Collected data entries
────────

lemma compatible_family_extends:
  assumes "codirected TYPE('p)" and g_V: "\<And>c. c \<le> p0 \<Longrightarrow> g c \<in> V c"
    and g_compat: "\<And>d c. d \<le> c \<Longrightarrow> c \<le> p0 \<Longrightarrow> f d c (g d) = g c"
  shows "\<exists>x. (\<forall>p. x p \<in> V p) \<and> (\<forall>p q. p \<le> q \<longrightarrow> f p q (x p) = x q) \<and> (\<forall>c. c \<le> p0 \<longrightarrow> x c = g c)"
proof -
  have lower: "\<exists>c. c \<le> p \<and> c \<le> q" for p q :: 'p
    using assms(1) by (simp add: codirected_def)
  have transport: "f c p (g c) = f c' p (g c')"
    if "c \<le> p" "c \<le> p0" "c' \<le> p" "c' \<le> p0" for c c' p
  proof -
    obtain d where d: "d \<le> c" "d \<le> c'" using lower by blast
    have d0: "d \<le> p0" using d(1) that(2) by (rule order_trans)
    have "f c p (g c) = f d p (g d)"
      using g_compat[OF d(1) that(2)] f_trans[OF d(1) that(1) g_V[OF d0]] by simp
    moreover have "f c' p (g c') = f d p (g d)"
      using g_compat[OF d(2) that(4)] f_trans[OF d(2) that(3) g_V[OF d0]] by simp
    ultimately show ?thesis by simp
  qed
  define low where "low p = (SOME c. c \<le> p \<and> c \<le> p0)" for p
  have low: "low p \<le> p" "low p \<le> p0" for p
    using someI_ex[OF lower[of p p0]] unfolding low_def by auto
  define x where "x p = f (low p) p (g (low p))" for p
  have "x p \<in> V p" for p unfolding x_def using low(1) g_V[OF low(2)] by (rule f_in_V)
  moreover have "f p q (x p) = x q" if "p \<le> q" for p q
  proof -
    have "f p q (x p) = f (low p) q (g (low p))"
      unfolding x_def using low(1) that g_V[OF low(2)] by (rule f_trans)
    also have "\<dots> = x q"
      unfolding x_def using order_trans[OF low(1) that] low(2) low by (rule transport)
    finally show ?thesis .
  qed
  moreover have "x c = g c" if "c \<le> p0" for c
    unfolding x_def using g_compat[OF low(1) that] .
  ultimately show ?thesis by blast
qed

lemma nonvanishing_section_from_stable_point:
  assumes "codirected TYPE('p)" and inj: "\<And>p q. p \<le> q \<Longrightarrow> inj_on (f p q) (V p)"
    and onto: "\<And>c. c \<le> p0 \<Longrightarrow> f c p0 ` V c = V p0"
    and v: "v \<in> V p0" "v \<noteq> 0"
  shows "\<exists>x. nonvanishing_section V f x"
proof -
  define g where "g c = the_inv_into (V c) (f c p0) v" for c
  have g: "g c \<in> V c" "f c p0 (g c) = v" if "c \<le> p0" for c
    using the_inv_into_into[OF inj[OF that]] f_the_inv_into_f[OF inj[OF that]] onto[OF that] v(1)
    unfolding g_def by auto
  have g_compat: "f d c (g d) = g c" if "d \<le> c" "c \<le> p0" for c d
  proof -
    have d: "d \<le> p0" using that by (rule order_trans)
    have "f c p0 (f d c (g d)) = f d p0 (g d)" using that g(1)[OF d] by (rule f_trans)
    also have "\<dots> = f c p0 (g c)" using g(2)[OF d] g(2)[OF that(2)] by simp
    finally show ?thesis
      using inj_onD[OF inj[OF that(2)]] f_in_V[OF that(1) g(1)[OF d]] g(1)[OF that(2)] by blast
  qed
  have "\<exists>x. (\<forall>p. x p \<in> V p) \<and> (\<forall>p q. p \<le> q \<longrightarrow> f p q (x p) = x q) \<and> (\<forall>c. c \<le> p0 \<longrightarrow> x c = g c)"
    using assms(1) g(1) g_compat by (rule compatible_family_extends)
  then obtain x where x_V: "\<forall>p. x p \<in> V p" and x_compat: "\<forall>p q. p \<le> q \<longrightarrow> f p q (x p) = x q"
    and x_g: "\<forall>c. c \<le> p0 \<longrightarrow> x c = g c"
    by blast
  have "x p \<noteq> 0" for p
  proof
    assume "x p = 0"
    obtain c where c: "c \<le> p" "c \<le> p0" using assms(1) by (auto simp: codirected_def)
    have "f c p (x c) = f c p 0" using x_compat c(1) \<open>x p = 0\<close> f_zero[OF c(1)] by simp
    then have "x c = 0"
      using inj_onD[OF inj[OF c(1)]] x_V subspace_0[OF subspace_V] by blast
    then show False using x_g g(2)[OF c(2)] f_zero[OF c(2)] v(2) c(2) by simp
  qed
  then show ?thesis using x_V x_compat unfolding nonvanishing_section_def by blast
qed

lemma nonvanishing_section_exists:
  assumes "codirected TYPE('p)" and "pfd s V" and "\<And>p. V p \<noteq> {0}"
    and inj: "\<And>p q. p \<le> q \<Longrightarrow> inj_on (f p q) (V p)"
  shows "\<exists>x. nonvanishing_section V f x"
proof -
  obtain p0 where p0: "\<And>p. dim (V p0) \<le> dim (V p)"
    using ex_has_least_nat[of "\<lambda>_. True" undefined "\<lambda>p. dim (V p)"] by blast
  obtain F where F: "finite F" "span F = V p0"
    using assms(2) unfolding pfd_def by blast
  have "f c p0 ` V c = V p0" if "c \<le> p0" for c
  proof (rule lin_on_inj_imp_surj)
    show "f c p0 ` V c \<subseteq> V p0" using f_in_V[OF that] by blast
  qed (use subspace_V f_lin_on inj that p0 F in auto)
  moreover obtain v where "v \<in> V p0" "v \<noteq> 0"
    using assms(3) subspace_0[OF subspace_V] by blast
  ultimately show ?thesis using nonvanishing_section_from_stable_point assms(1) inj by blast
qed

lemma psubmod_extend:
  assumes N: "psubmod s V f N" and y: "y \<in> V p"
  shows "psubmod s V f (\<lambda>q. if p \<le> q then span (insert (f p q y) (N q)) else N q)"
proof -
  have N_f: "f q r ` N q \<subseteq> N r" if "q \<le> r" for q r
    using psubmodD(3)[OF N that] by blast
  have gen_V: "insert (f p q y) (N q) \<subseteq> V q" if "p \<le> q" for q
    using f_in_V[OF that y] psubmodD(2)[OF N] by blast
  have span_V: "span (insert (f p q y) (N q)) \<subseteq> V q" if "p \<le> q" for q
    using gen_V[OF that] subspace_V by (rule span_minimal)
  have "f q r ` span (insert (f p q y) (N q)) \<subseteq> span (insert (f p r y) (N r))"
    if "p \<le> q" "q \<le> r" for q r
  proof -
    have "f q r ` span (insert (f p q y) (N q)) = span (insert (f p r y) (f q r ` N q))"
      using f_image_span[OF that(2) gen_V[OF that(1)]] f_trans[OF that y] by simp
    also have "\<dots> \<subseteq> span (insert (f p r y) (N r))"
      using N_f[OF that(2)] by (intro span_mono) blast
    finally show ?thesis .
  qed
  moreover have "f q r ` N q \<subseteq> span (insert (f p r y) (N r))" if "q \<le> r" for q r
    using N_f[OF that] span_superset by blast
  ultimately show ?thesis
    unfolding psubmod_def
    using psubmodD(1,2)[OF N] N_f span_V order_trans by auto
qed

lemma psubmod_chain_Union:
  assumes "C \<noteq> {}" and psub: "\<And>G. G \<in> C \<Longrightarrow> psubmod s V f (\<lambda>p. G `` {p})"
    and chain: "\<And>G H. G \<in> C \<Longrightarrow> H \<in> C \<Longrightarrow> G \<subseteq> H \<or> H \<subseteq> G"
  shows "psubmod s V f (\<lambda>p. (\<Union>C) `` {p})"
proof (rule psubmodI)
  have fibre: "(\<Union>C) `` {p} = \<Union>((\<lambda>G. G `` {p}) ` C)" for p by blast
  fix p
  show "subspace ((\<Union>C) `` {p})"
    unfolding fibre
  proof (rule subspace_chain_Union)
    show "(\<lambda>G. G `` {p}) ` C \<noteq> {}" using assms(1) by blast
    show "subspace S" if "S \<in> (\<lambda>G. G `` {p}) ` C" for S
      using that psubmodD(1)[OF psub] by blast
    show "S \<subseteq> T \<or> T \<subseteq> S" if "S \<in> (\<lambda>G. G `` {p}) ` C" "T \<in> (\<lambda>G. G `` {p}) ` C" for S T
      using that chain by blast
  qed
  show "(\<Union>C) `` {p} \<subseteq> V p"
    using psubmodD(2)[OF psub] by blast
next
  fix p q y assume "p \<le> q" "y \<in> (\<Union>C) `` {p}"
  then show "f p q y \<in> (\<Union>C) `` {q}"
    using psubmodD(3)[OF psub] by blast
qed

────────

What you will do
Search the entries for the word "dots" and copy every line that holds it.

Exercise output
    also have "\<dots> = x q"
    also have "\<dots> = f c p0 (g c)" using g(2)[OF d] g(2)[OF that(2)] by simp
    also have "\<dots> \<subseteq> span (insert (f p r y) (N r))"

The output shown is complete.